Exact solutions of two nonlinear partial differential equations by using the first integral method

Abstract

In recent years, many approaches have been utilized for finding the exact solutions of nonlinear partial differential equations. One such method is known as the first integral method and was proposed by Feng. In this paper, we utilize this method and obtain exact solutions of two nonlinear partial differential equations, namely double sine-Gordon and Burgers equations. It is found that the method by Feng is a very efficient method which can be used to obtain exact solutions of a large number of nonlinear partial differential equations.

1 Introduction

With the availability of symbolic computation packages like Maple or Mathematica, the search for obtaining exact solutions of nonlinear partial differential equations (PDEs) has become more and more stimulating for mathematicians and scientists. Having exact solutions of nonlinear PDEs makes it possible to study nonlinear physical phenomena thoroughly and facilitates testing the numerical solvers as well as aiding the stability analysis of solutions. In recent years, many approaches to solve nonlinear PDEs such as the extended tanh function method [1–6], the modified extended tanh function method [7, 8], the exp-function method [9–11], the Weierstrass elliptic function method [12], the Laplace decomposition method [13, 14] and so on have been employed.

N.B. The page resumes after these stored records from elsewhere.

lemma convex_setscale_pos_iff_cone_section:
  assumes "S \<noteq> {}" "S \<subseteq> unitS \<Phi>"
  shows "convex (setscale {0<..} S) \<longleftrightarrow>
    (\<exists>K. pointed_cone K \<and> convex K \<and> S = K \<inter> unitS \<Phi>)"
proof
  assume "convex (setscale {0<..} S)"
  then have "pointed_cone (setscale {0..} S) \<and> convex (setscale {0..} S)"
    using convex_setscale_pos_iff_pointed_cone[OF assms] by blast
  moreover have "S = setscale {0..} S \<inter> unitS \<Phi>"
    unfolding setscale_nonneg_eq_insert_zero[OF assms(1)]
    using setscale_pos_inter_unitS[OF assms(2)] unitS_nonzero by auto
  ultimately show "\<exists>K. pointed_cone K \<and> convex K \<and> S = K \<inter> unitS \<Phi>"
    by blast
next
  assume "\<exists>K. pointed_cone K \<and> convex K \<and> S = K \<inter> unitS \<Phi>"
  then obtain K where K: "pointed_cone K" "convex K" "S = K \<inter> unitS \<Phi>"
    by blast
  then have "K - {0} = setscale {0<..} S"
    using cone_minus_zero_eq_setscale_pos by (simp add: pointed_cone_def)
  then show "convex (setscale {0<..} S)"
    using convex_pointed_cone_minus_zero[OF K(1,2)] by simp
qed

lemma convex_setscale_pos_of_rho_image:
  assumes "convex C" "S = rho \<Phi> ` C"
  shows "convex (setscale {0<..} S)"
  using convex_setscale_pos[OF assms(1)] by (simp add: assms(2) setscale_pos_rho_image)

lemma rho_convex_hull_eq:
  assumes "S \<subseteq> unitS \<Phi>" "convex (setscale {0<..} S)"
  shows "rho \<Phi> ` (convex hull S) = S"
proof
  have "convex hull S \<subseteq> setscale {0<..} S"
    using assms(2) convex_setscale_pos_iff_hull_subset by blast
  then show "rho \<Phi> ` (convex hull S) \<subseteq> S"
    using mem_setscale_pos_iff_rho[OF assms(1)] by blast
  show "S \<subseteq> rho \<Phi> ` (convex hull S)"
  proof
    fix s assume "s \<in> S"
    then have "rho \<Phi> s = s"
      using assms(1) rho_unitS by blast
    then show "s \<in> rho \<Phi> ` (convex hull S)"
      using hull_inc[OF \<open>s \<in> S\<close>, of convex] by (metis image_eqI)
  qed
qed

lemma convex_setscale_pos_iff_rho_images:
  assumes "S \<subseteq> unitS \<Phi>"
  shows "convex (setscale {0<..} S) \<longleftrightarrow> S = rho \<Phi> ` (convex hull S)"
    and "convex (setscale {0<..} S) \<longleftrightarrow> (\<exists>C. convex C \<and> S = rho \<Phi> ` C)"
    and "convex (setscale {0<..} S) \<longleftrightarrow> (\<exists>C. bounded C \<and> convex C \<and> S = rho \<Phi> ` C)"
proof -
  have hull: "bounded (convex hull S)" "convex (convex hull S)"
    using bounded_subset[OF bounded_unitS assms] by (auto simp: bounded_convex_hull)
  show hull_iff: "convex (setscale {0<..} S) \<longleftrightarrow> S = rho \<Phi> ` (convex hull S)"
    using rho_convex_hull_eq[OF assms] convex_setscale_pos_of_rho_image[OF hull(2)] by metis
  show "convex (setscale {0<..} S) \<longleftrightarrow> (\<exists>C. convex C \<and> S = rho \<Phi> ` C)"
  proof
    assume "convex (setscale {0<..} S)"
    then show "\<exists>C. convex C \<and> S = rho \<Phi> ` C"
      using hull_iff hull(2) by (intro exI[of _ "convex hull S"]) simp
  qed (auto intro: convex_setscale_pos_of_rho_image)
  show "convex (setscale {0<..} S) \<longleftrightarrow> (\<exists>C. bounded C \<and> convex C \<and> S = rho \<Phi> ` C)"
  proof
    assume "convex (setscale {0<..} S)"
    then show "\<exists>C. bounded C \<and> convex C \<and> S = rho \<Phi> ` C"
      using hull_iff hull by (intro exI[of _ "convex hull S"]) simp
  qed (auto intro: convex_setscale_pos_of_rho_image)
qed

lemma convex_setscale_pos_iff_le_one:
  assumes "S \<subseteq> unitS \<Phi>" "convex_on UNIV \<Phi>"
  shows "convex (setscale {0<..} S) \<longleftrightarrow> convex (setscale {0<..1} S)"
proof
  assume "convex (setscale {0<..} S)"
  then show "convex (setscale {0<..1} S)"
    using setscale_pos_le_one_eq[OF assms(1)] convex_sublevel[OF assms(2)] convex_Int by metis
next
  assume convex: "convex (setscale {0<..1} S)"
  have "S \<subseteq> setscale {0<..} S \<inter> {z. \<Phi> z \<le> 1}"
    using subset_setscale_pos[of S] assms(1) by (auto simp: unitS_def)
  then have "convex hull S \<subseteq> setscale {0<..1} S"
    unfolding setscale_pos_le_one_eq[OF assms(1), symmetric] using convex by (rule hull_minimal)
  also have "\<dots> \<subseteq> setscale {0<..} S"
    by (simp add: setscale_pos_le_one_eq[OF assms(1)])
  finally show "convex (setscale {0<..} S)"
    by (simp add: convex_setscale_pos_iff_hull_subset)
qed

end

theorem proposition1:
  fixes \<Phi> :: "'a::euclidean_space \<Rightarrow> real" and S :: "'a set"
  assumes "DIM('a) \<ge> 2"
    and "admissible_Phi \<Phi>"
    and "S \<noteq> {}" and "S \<subseteq> unitS \<Phi>"
  shows "(s_convex \<Phi> S \<longleftrightarrow>
            (\<forall>x1\<in>setscale {0<..} S. \<forall>x2\<in>setscale {0<..} S. x1 + x2 \<in> setscale {0<..} S))
       \<and> (s_convex \<Phi> S \<longleftrightarrow> convex (setscale {0<..} S))
       \<and> (s_convex \<Phi> S \<longleftrightarrow> pointed_cone (setscale {0..} S) \<and> convex (setscale {0..} S))
       \<and> (s_convex \<Phi> S \<longleftrightarrow>
            (\<exists>K. pointed_cone K \<and> convex K \<and> S = K \<inter> unitS \<Phi>))
       \<and> (s_convex \<Phi> S \<longleftrightarrow> (\<exists>C. convex C \<and> S = rho \<Phi> ` C))
       \<and> (s_convex \<Phi> S \<longleftrightarrow> (\<exists>C. bounded C \<and> convex C \<and> S = rho \<Phi> ` C))
       \<and> (s_convex \<Phi> S \<longleftrightarrow> S = rho \<Phi> ` (convex hull S))
       \<and> (convex_on UNIV \<Phi> \<longrightarrow> (s_convex \<Phi> S \<longleftrightarrow> convex (setscale {0<..1} S)))"
proof -
  interpret admissible_gauge \<Phi>
    using assms(2) by unfold_locales
  note S = assms(3,4)
  show ?thesis
    unfolding s_convex_iff_convex_setscale_pos[OF S]
    by (intro conjI impI refl convex_setscale_pos_iff_add_closed
        convex_setscale_pos_iff_pointed_cone[OF S] convex_setscale_pos_iff_cone_section[OF S]
        convex_setscale_pos_iff_rho_images[OF assms(4)] convex_setscale_pos_iff_le_one[OF assms(4)])
qed

end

Among these, the first integral method, which is based on the ring theory of commutative algebra, due to Feng [15–19] has been applied by many authors to solve different types of nonlinear equations in science and engineering [20–23]. Therefore, in the present article, the first integral method is applied to analytic treatment of some important nonlinear of partial differential equations.

The rest of this article is arranged as follows. In Section 2, the basic ideas of the first integral method are expressed. In Section 3, the method is employed for obtaining the exact solutions of double sine-Gordon (SG) and Burgers equations, and finally conclusions are presented in Section 4.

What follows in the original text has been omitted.